The core assets of Joinup use the Asset Description Metadata Schema Application Profile (ADMS-AP) data model, which was developed specifically to foster interoperability between asset catalogues such as Joinup. This data model is under the governance of the Semantic Interoperability Community (SEMIC) action of ISA2.

The ADMS-AP model covers the main concepts of Joinup: Collections (dcat:Catalog), Solutions (dcat:Dataset), Releases (also dcat:Dataset) and Distributions (dcat:Distribution).

It is based on the Data Catalogue Application Profile (DCAT-AP) model.

Community content

Community content consists of the types of content that can be created in scope of a Collection or Solution, for example News, Events, Discussions, Documents or Custom pages. The governance of the models of these entity types is less strict than of the core assets, as they are not to be harvested from external platforms. They evolve ad-hoc when functionally required.

Drupal

The application stack of Joinup is based on the Open Source Content Management System (CMS) Drupal.

Drupal is a modular system, that allows for functional extension by the means of pluggable modules.

Twin database system

In order to support the harvesting of Solutions from external repositories, and allow working with Linked Data, a graph database (triplestore) is used in addition to the traditional relational database used by the CMS. The triplestore in use is an instance of Virtuoso (Open Source edition).

Custom Drupal modules have been developed to support storing entities as Linked Data: a database driver to support working with the SPARQL protocol, and an implementation of a content entity type to allow mapping entities to an ontology.

Core assets (Collections, Solutions, Releases and Distributions), following the ADMS-AP specification, are stored in the triplestore. All other content (e.g. News, Events, Documents, Discussions etc.) get persisted in the relational database.

Command and Query Responsibility Segregation (CQRS)

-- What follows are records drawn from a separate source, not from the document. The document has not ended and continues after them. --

(* Let $\Phi$ be a Young function and let $\varphi\in\mathcal{G}^{\rm dec}_1$. Let $\psi:\mathbb{R}^n\to\mathbb{R}^n$ be a measurable nonsingular transformation. Assume that $\psi$ is Lipschitz with constant $L>0$, i.e. $|\psi(x)-\psi(y)|\le L|x-y|$ for all $x,y\in\mathbb{R}^n$, and that there is a constant $K>0$ such that $|\psi^{-1}(A)|\le K|A|$ for all measurable sets $A\subset\mathbb{R}^n$. Then $C_\psi$ is bounded on $\mathcal{M}_\Phi^\varphi(\mathbb{R}^n)$; more precisely, there exist constants $C_1,C_2>0$ such that \[ \|C_\psi f\|_{\mathcal{M}_\Phi^\varphi}\le K\bigl(C_1+C_2\varphi(L)L^n\bigr)\|f\|_{\mathcal{M}_\Phi^\varphi}\quad\text{for all } f\in\mathcal{M}_\Phi^\varphi(\mathbb{R}^n). \]
   Context: A Young function is a convex function $\Phi:[0,\infty)\to[0,\infty)$ with $\Phi(0)=0$ and $\lim_{t\to\infty}\Phi(t)=\infty$. A function $\varphi:(0,\infty)\to(0,\infty)$ is almost decreasing if there is $C>0$ with $C\varphi(r)\ge\varphi(s)$ whenever $0<r<s$; it is submultiplicative if there is $C>0$ with $\varphi(rs)\le C\varphi(r)\varphi(s)$ for all $r,s>0$. $\mathcal{G}^{\rm dec}_1$ denotes the set of almost decreasing submultiplicative functions $\varphi:(0,\infty)\to(0,\infty)$. A measurable map $\psi$ is nonsingular if $|\psi^{-1}(A)|=0$ whenever $|A|=0$; $C_\psi f=f\circ\psi$. For a ball $B=B(a,r)$ (open ball of center $a$, radius $r$), $\|f\|_{\Phi,B}=\inf\{\lambda>0:\frac1{|B|}\int_B\Phi(|f(x)|/\lambda)\,dx\le1\}$, and $\mathcal{M}_\Phi^\varphi(\mathbb{R}^n)$ is the set of measurable $f$ with $\|f\|_{\mathcal{M}_\Phi^\varphi}=\sup_{a\in\mathbb{R}^n,r>0}\frac1{\varphi(r)}\|f\|_{\Phi,B(a,r)}<\infty$ (Orlicz–Morrey space). *)

theory Defs
  imports "HOL-Analysis.Analysis"
begin

definition young_function :: "(real \<Rightarrow> real) \<Rightarrow> bool" where
  "young_function \<Phi> \<longleftrightarrow> convex_on {0..} \<Phi> \<and> \<Phi> 0 = 0 \<and>
     (\<forall>t\<ge>0. \<Phi> t \<ge> 0) \<and> filterlim \<Phi> at_top at_top"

Because of the dual database setup in Joinup, where some entities are persisted in a triplestore and others in a relational database, a problem arises: it is no longer possible to query across all entity types.

*Application architecture (click image to enlarge)*

This is solved by a variation on the CQRS pattern. When an entity gets stored, its system of record is kept in either the relational database or the triplestore, depending on its type. Independent of which primary datastore is used, two additional copies of the entity are saved: one in the object store, Redis, which functions as a caching layer for full entity reads, and another in the search index, used for querying. The state of both the object store and the search index can – at all times – be rebuilt using the primary datastores (relational DB and triplestore).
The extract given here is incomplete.